The same potency defines its limits. Bleeding and thrombocytopenia are the dominant risks, renal function drives dosing, and the benefit in routine modern use has narrowed as oral antiplatelet therapy improved. Eptifibatide is an intravenous, in-hospital, monitored drug used in cardiac care. It is not a wellness peptide, not a self-administered product and not something to interpret outside its prescribing information and a clinician's judgment.
References
StatPearls, NCBI Bookshelf. Eptifibatide.

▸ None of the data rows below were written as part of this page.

text \<open>Contract redexes by a fair strategy. If a normal form is reached after finitely many
  steps we are done; otherwise the omega-long reduction strongly p-converges to the limit
  inferior of its contexts. That limit is a normal form: a redex in it has only finitely many
  function symbols (left-finiteness), which are eventually stable in the contexts; by
  left-linearity they then form a redex at the same position of every later term, so fairness
  eventually contracts it and puts BotS there in the context, contradicting stability.\<close>

lemma wf_ptermI:
  assumes "t [] \<noteq> None"
    and "\<And>p i. t (p @ [i]) \<noteq> None \<Longrightarrow> t p \<noteq> None"
    and "\<And>p s i. t p = Some s \<Longrightarrow> t (p @ [i]) \<noteq> None \<longleftrightarrow> i < arity ar s"
  shows "wf_pterm ar t"
  using assms unfolding wf_pterm_def by blast

lemma wf_pterm_root: "wf_pterm ar t \<Longrightarrow> t [] \<noteq> None"
  unfolding wf_pterm_def by blast

lemma wf_pterm_parent: "wf_pterm ar t \<Longrightarrow> t (p @ [i]) \<noteq> None \<Longrightarrow> t p \<noteq> None"
  unfolding wf_pterm_def by blast

lemma wf_pterm_child_iff:
  "wf_pterm ar t \<Longrightarrow> t p = Some s \<Longrightarrow> t (p @ [i]) \<noteq> None \<longleftrightarrow> i < arity ar s"
  unfolding wf_pterm_def by blast

lemma wf_pterm_prefix: "wf_pterm ar t \<Longrightarrow> t (p @ q) \<noteq> None \<Longrightarrow> t p \<noteq> None"
  by (induction q rule: rev_induct) (auto dest: wf_pterm_parent simp flip: append_assoc)

lemma wf_pterm_FunS_above:
  assumes "wf_pterm ar t" and "t (p @ i # q) \<noteq> None"
  shows "\<exists>f. t p = Some (FunS f) \<and> i < ar f"
proof -
  have child: "t (p @ [i]) \<noteq> None"
    using wf_pterm_prefix[OF assms(1), of "p @ [i]" q] assms(2) by simp
  then obtain s where s: "t p = Some s"
    using wf_pterm_parent[OF assms(1)] by blast
  with child have "i < arity ar s"
    using wf_pterm_child_iff[OF assms(1) s] by simp
  with s show ?thesis by (cases s) auto
qed

lemma wf_pterm_subterm: "wf_pterm ar t \<Longrightarrow> t \<pi> \<noteq> None \<Longrightarrow> wf_pterm ar (subterm t \<pi>)"
  unfolding wf_pterm_def subterm_def by (metis append.assoc append_Nil2)

lemma wf_pterm_bot_term: "wf_pterm ar bot_term"
  unfolding wf_pterm_def bot_term_def by auto

lemma wf_term_imp_wf_pterm: "wf_term ar t \<Longrightarrow> wf_pterm ar t"
  unfolding wf_term_def by simp

section \<open>Substitution and replacement\<close>

definition below_var :: "('f, 'v) pterm \<Rightarrow> nat list \<Rightarrow> bool" where
  "below_var t q \<longleftrightarrow> (\<exists>q1 q2 x. q = q1 @ q2 \<and> t q1 = Some (VarS x))"

lemma below_var_snoc: "below_var t q \<Longrightarrow> below_var t (q @ [i])"
  unfolding below_var_def by (metis append.assoc)

lemma below_var_snocD:
  "\<not> below_var t p \<Longrightarrow> below_var t (p @ [i]) \<Longrightarrow> \<exists>x. t (p @ [i]) = Some (VarS x)"
  unfolding below_var_def by (metis append_Nil2 butlast_append butlast_snoc)

lemma substp_non_var:
  "wf_pterm ar t \<Longrightarrow> t (p @ q) = Some v \<Longrightarrow> \<forall>x. v \<noteq> VarS x \<Longrightarrow> substp \<sigma> t p q = Some v"
proof (induction q arbitrary: p)
  case Nil
  then show ?case by (cases v) auto
next
  case (Cons i q)
  then obtain f where "t p = Some (FunS f)"
    using wf_pterm_FunS_above[of ar t p i q] by auto
  with Cons show ?case by simp
qed

lemma substp_var:
  "wf_pterm ar t \<Longrightarrow> t (p @ q1) = Some (VarS x) \<Longrightarrow> substp \<sigma> t p (q1 @ q2) = \<sigma> x q2"
proof (induction q1 arbitrary: p)
  case Nil
  then show ?case by (cases q2) auto
next
  case (Cons i q)
  then obtain f where "t p = Some (FunS f)"
    using wf_pterm_FunS_above[of ar t p i q] by auto
  with Cons show ?case by simp
qed

lemma substp_None:
  "\<forall>q1 q2 x. q = q1 @ q2 \<longrightarrow> t (p @ q1) \<noteq> Some (VarS x) \<Longrightarrow> t (p @ q) = None
    \<Longrightarrow> substp \<sigma> t p q = None"
proof (induction q arbitrary: p)
  case Nil
  then show ?case by simp
next
  case (Cons i q)
  have not_var: "\<forall>x. t p \<noteq> Some (VarS x)"
    using Cons.prems(1)[rule_format, of "[]"] by simp
  have "substp \<sigma> t (p @ [i]) q = None"
    using Cons.IH[of "p @ [i]"] Cons.prems by (metis append.assoc append_Cons append_Nil)
  with not_var show ?case by (cases "t p") (auto split: sym.split)
qed

lemma subst_var: "wf_pterm ar t \<Longrightarrow> t q1 = Some (VarS x) \<Longrightarrow> subst \<sigma> t (q1 @ q2) = \<sigma> x q2"
  unfolding subst_def using substp_var[of ar t "[]" q1 x \<sigma> q2] by simp

lemma subst_not_below_var: "wf_pterm ar t \<Longrightarrow> \<not> below_var t q \<Longrightarrow> subst \<sigma> t q = t q"
proof (cases "t q")
  case None
  moreover assume "\<not> below_var t q"
  ultimately show ?thesis
    unfolding subst_def below_var_def using substp_None[of q t "[]" \<sigma>] by auto
next
  case (Some v)
  moreover assume "wf_pterm ar t" and "\<not> below_var t q"
  moreover have "\<forall>x. v \<noteq> VarS x"
    using \<open>\<not> below_var t q\<close> Some unfolding below_var_def by (metis append_Nil2)
  ultimately show ?thesis
    unfolding subst_def using substp_non_var[of ar t "[]" q v \<sigma>] by simp
qed

lemma subst_FunS: "wf_pterm ar l \<Longrightarrow> l q = Some (FunS f) \<Longrightarrow> subst \<sigma> l q = Some (FunS f)"
  unfolding subst_def using substp_non_var[of ar l "[]" q "FunS f" \<sigma>] by simp

lemma wf_pterm_subst:
  assumes t: "wf_pterm ar t" and \<sigma>: "\<forall>x. wf_pterm ar (\<sigma> x)"
  shows "wf_pterm ar (subst \<sigma> t)"
proof (rule wf_ptermI)
  show "subst \<sigma> t [] \<noteq> None"
  proof (cases "below_var t []")
    case True
    then obtain x where "t [] = Some (VarS x)" unfolding below_var_def by auto
    then show ?thesis using subst_var[OF t, of "[]" x \<sigma> "[]"] \<sigma> wf_pterm_root by fastforce
  next
    case False
    then show ?thesis using subst_not_below_var[OF t] wf_pterm_root[OF t] by simp
  qed
next
  fix p i assume child: "subst \<sigma> t (p @ [i]) \<noteq> None"
  show "subst \<sigma> t p \<noteq> None"
  proof (cases "below_var t p")
    case True
    then obtain q1 q2 x where p: "p = q1 @ q2" and x: "t q1 = Some (VarS x)"
      unfolding below_var_def by auto
    have "\<sigma> x (q2 @ [i]) \<noteq> None" using child subst_var[OF t x, of \<sigma> "q2 @ [i]"] p by simp
    then have "\<sigma> x q2 \<noteq> None" using \<sigma> wf_pterm_parent by metis
    then show ?thesis using subst_var[OF t x] p by simp
  next
    case False
    have "t p \<noteq> None"
    proof (cases "below_var t (p @ [i])")
      case True
      then obtain x where "t (p @ [i]) = Some (VarS x)" using below_var_snocD[OF False] by auto
      then show ?thesis using wf_pterm_parent[OF t] by auto
    next
      case False
      then show ?thesis using child subst_not_below_var[OF t False] wf_pterm_parent[OF t] by auto
    qed
    then show ?thesis using subst_not_below_var[OF t False] by simp
  qed
next
  fix p s i assume ps: "subst \<sigma> t p = Some s"
  show "subst \<sigma> t (p @ [i]) \<noteq> None \<longleftrightarrow> i < arity ar s"
  proof (cases "below_var t p")
    case True
    then obtain q1 q2 x where p: "p = q1 @ q2" and x: "t q1 = Some (VarS x)"
      unfolding below_var_def by auto
    have "subst \<sigma> t (p @ [i]) = \<sigma> x (q2 @ [i])" using subst_var[OF t x, of \<sigma> "q2 @ [i]"] p by simp
    moreover have "\<sigma> x q2 = Some s" using subst_var[OF t x, of \<sigma> q2] p ps by simp
    ultimately show ?thesis using wf_pterm_child_iff \<sigma> by metis
  next
    case False
    have tp: "t p = Some s" using ps subst_not_below_var[OF t False] by simp
    show ?thesis
    proof (cases "below_var t (p @ [i])")
      case True
      then obtain x where x: "t (p @ [i]) = Some (VarS x)" using below_var_snocD[OF False] by auto
      have "subst \<sigma> t (p @ [i]) = \<sigma> x []" using subst_var[OF t x, of \<sigma> "[]"] by simp
      then have "subst \<sigma> t (p @ [i]) \<noteq> None" using \<sigma> wf_pterm_root by metis
      moreover have "i < arity ar s" using wf_pterm_child_iff[OF t tp, of i] x by simp
      ultimately show ?thesis by simp
    next
      case False
      then show ?thesis using subst_not_below_var[OF t False] wf_pterm_child_iff[OF t tp] by simp
    qed
  qed
qed

lemma replace_inside: "take (length \<pi>) q = \<pi> \<Longrightarrow> replace t \<pi> s q = s (drop (length \<pi>) q)"
  unfolding replace_def by simp

lemma replace_outside: "take (length \<pi>) q \<noteq> \<pi> \<Longrightarrow> replace t \<pi> s q = t q"
  unfolding replace_def by simp

lemma take_length_snoc_eq:
  "take (length \<pi>) (p @ [i]) = \<pi> \<longleftrightarrow> take (length \<pi>) p = \<pi> \<or> \<pi> = p @ [i]"
  by (metis butlast_snoc length_append_singleton less_Suc_eq linorder_le_less_linear
      not_less_iff_gr_or_eq take_all take_butlast)

lemma drop_length_snoc:
  "take (length \<pi>) p = \<pi> \<Longrightarrow> drop (length \<pi>) (p @ [i]) = drop (length \<pi>) p @ [i]"
  by (metis drop_append length_take min.bounded_iff nle_le diff_is_0_eq drop0 append_Nil)

lemma wf_pterm_replace:
  assumes t: "wf_pterm ar t" and \<pi>: "t \<pi> \<noteq> None" and s: "wf_pterm ar s"
  shows "wf_pterm ar (replace t \<pi> s)"
proof (rule wf_ptermI)
  show "replace t \<pi> s [] \<noteq> None"
    using t s wf_pterm_root unfolding replace_def by (cases \<pi>) auto
next
  fix p i assume child: "replace t \<pi> s (p @ [i]) \<noteq> None"
  consider (inside) "take (length \<pi>) p = \<pi>" | (at) "\<pi> = p @ [i]"
    | (outside) "take (length \<pi>) (p @ [i]) \<noteq> \<pi>"
    using take_length_snoc_eq[of \<pi> p i] by blast
  then show "replace t \<pi> s p \<noteq> None"
  proof cases
    case inside
    then have "s (drop (length \<pi>) p @ [i]) \<noteq> None"
      using child take_length_snoc_eq[of \<pi> p i]
      by (simp add: replace_inside drop_length_snoc)
    then show ?thesis using wf_pterm_parent[OF s] inside by (simp add: replace_inside)
  next
    case at
    then have "take (length \<pi>) p \<noteq> \<pi>" by simp
    moreover have "t p \<noteq> None" using at \<pi> wf_pterm_parent[OF t, of p i] by simp
    ultimately show ?thesis by (simp add: replace_outside)
  next
    case outside
    then have "take (length \<pi>) p \<noteq> \<pi>" using take_length_snoc_eq[of \<pi> p i] by blast
    with outside child show ?thesis using wf_pterm_parent[OF t, of p i] by (simp add: replace_outside)
  qed
next
  fix p v i assume pv: "replace t \<pi> s p = Some v"
  show "replace t \<pi> s (p @ [i]) \<noteq> None \<longleftrightarrow> i < arity ar v"
  proof (cases "take (length \<pi>) p = \<pi>")
    case True
    then have "replace t \<pi> s (p @ [i]) = s (drop (length \<pi>) p @ [i])"
      using take_length_snoc_eq[of \<pi> p i] by (simp add: replace_inside drop_length_snoc)
    moreover have "s (drop (length \<pi>) p) = Some v" using pv True by (simp add: replace_inside)
    ultimately show ?thesis using wf_pterm_child_iff[OF s] by simp
  next
    case False
    then have tp: "t p = Some v" using pv by (simp add: replace_outside)
    show ?thesis
    proof (cases "\<pi> = p @ [i]")
      case True
      then have "replace t \<pi> s (p @ [i]) = s []" using replace_inside[of \<pi> "p @ [i]"] by simp
      then show ?thesis using True \<pi> wf_pterm_child_iff[OF t tp, of i] wf_pterm_root[OF s] by simp
    next
      case False
      with \<open>take (length \<pi>) p \<noteq> \<pi>\<close> have "take (length \<pi>) (p @ [i]) \<noteq> \<pi>"
        using take_length_snoc_eq[of \<pi> p i] by blast
      then show ?thesis using wf_pterm_child_iff[OF t tp, of i] by (simp add: replace_outside)
    qed
  qed
qed

lemma rstep_wf_pterm: "trs ar R \<Longrightarrow> rstep ar R \<pi> t t' \<Longrightarrow> wf_pterm ar t'"
proof -
  assume R: "trs ar R" and "rstep ar R \<pi> t t'"
  then obtain l r \<sigma> where lr: "(l, r) \<in> R" and \<sigma>: "\<forall>x. wf_pterm ar (\<sigma> x)"
    and t: "wf_pterm ar t" and \<pi>: "t \<pi> \<noteq> None" and t': "t' = replace t \<pi> (subst \<sigma> r)"
    unfolding rstep_def by blast
  have "wf_pterm ar r" using R lr unfolding trs_def wf_term_def by blast
  then show ?thesis using t' wf_pterm_replace[OF t \<pi> wf_pterm_subst[OF _ \<sigma>]] by simp
qed

section \<open>Redexes of left-linear rules\<close>

lemma lhs_root_FunS:
  assumes "trs ar R" and "(l, r) \<in> R"
  obtains f where "l [] = Some (FunS f)"
proof -
  from assms have "wf_term ar l" and "\<forall>x. l [] \<noteq> Some (VarS x)"
    unfolding trs_def by auto
  moreover obtain v where "l [] = Some v"
    using \<open>wf_term ar l\<close> wf_pterm_root[of ar l] unfolding wf_term_def by blast
  ultimately show ?thesis
    using that unfolding wf_term_def by (cases v) auto
qed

The PURSUIT Trial Investigators. Inhibition of platelet glycoprotein IIb/IIIa with eptifibatide in patients with acute coronary syndromes (NEJM, 1998).
Harrington RA, et al. Design and methodology of the PURSUIT trial (PMID 9291244).
IMPACT-II Investigators. Randomised placebo-controlled trial of eptifibatide on complications of PCI: IMPACT-II (Lancet, 1997).
ESPRIT Investigators. Novel dosing regimen of eptifibatide in planned coronary stent implantation (ESPRIT) (Lancet, 2000).
Giugliano RP, et al. Early versus delayed, provisional eptifibatide in acute coronary syndromes: EARLY-ACS (NEJM, 2009).
Phillips DR, Scarborough RM. Eptifibatide: a potent inhibitor of the platelet receptor integrin glycoprotein IIb/IIIa (PMID 11139832).
Tcheng JE, et al. Clinical pharmacology of eptifibatide (PMID 9291241).